⟨
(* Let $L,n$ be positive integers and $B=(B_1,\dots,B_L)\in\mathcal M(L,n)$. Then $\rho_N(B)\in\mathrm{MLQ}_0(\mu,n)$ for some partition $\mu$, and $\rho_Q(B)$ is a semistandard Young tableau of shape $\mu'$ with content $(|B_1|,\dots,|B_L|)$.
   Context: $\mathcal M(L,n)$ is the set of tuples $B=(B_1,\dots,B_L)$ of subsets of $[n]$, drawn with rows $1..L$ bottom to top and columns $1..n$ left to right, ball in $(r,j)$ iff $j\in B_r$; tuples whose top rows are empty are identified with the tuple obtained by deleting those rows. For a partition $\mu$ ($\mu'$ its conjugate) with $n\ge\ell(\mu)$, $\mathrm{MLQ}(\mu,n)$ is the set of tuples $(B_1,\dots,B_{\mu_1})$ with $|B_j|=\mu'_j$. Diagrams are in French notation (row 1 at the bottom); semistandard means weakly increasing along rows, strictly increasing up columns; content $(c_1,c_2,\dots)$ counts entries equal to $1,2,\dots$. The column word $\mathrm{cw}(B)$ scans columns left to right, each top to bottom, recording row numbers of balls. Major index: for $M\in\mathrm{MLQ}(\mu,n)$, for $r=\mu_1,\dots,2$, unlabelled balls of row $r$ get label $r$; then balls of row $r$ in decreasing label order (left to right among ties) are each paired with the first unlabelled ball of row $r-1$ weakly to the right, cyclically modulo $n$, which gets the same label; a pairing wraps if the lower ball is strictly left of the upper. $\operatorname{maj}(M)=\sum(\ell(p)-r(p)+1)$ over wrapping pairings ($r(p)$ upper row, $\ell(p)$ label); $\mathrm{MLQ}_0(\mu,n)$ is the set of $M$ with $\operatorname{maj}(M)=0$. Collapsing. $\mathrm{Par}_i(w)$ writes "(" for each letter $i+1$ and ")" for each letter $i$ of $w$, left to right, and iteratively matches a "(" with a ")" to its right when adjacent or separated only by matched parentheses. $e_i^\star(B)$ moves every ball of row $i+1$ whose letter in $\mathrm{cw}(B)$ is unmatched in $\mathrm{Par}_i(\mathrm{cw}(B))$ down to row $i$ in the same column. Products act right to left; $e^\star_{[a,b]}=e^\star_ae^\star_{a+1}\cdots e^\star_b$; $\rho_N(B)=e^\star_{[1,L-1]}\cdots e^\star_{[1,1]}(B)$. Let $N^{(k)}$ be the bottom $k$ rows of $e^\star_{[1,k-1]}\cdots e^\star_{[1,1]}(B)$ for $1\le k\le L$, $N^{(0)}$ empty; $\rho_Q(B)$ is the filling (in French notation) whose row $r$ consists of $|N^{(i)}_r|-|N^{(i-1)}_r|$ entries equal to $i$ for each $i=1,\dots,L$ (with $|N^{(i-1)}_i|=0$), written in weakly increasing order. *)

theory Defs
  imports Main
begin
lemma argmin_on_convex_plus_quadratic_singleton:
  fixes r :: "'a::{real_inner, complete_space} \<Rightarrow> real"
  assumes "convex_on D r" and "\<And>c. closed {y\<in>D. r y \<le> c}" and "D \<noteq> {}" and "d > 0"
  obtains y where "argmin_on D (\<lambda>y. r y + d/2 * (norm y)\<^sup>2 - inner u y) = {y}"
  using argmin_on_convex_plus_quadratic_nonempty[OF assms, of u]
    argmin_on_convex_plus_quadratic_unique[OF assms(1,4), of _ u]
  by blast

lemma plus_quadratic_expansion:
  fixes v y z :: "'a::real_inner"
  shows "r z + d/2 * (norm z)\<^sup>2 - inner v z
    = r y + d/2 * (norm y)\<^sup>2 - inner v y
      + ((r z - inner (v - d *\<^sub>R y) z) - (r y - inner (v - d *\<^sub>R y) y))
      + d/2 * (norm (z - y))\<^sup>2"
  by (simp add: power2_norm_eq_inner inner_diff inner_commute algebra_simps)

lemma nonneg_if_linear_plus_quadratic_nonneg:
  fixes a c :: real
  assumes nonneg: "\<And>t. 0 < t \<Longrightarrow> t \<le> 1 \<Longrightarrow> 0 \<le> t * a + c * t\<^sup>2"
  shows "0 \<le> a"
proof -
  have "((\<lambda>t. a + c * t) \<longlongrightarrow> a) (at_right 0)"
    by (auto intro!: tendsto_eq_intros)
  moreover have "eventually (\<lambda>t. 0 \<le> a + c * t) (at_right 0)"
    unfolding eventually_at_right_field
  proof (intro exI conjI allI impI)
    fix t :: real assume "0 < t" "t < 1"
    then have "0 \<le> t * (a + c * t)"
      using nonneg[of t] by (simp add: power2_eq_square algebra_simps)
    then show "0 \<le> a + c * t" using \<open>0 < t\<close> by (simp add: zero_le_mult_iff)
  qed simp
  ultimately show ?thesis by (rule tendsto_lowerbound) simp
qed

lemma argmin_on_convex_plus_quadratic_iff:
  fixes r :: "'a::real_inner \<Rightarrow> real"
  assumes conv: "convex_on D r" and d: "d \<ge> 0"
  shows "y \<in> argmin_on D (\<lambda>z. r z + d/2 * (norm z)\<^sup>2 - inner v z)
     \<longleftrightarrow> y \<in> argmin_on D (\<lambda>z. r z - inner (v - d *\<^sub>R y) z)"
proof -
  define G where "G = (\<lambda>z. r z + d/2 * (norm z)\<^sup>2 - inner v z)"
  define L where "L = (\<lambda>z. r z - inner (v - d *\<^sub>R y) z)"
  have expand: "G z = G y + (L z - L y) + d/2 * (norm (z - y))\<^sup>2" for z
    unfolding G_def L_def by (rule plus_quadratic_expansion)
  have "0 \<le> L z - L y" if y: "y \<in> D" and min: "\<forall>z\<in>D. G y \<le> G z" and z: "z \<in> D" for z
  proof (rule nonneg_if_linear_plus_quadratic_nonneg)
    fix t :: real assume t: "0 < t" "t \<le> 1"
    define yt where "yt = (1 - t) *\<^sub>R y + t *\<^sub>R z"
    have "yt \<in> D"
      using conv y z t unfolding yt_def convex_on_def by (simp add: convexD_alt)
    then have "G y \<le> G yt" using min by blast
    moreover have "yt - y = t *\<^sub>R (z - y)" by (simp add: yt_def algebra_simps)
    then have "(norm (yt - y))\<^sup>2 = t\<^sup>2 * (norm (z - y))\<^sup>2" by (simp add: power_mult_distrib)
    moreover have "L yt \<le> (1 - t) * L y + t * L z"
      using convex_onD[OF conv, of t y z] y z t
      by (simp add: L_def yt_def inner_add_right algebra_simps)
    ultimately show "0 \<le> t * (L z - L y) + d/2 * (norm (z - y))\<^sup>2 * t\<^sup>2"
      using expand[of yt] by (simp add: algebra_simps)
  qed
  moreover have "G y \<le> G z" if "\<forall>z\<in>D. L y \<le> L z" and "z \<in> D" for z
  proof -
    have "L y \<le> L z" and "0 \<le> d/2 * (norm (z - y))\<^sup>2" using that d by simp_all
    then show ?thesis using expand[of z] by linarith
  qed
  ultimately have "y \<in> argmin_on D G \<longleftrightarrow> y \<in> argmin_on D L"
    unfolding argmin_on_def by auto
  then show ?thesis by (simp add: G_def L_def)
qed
⟩
Task details
Only lines with the word "forall" are needed. Copy them from the preceding records.

Written answer
  have "0 \<le> L z - L y" if y: "y \<in> D" and min: "\<forall>z\<in>D. G y \<le> G z" and z: "z \<in> D" for z
  moreover have "G y \<le> G z" if "\<forall>z\<in>D. L y \<le> L z" and "z \<in> D" for z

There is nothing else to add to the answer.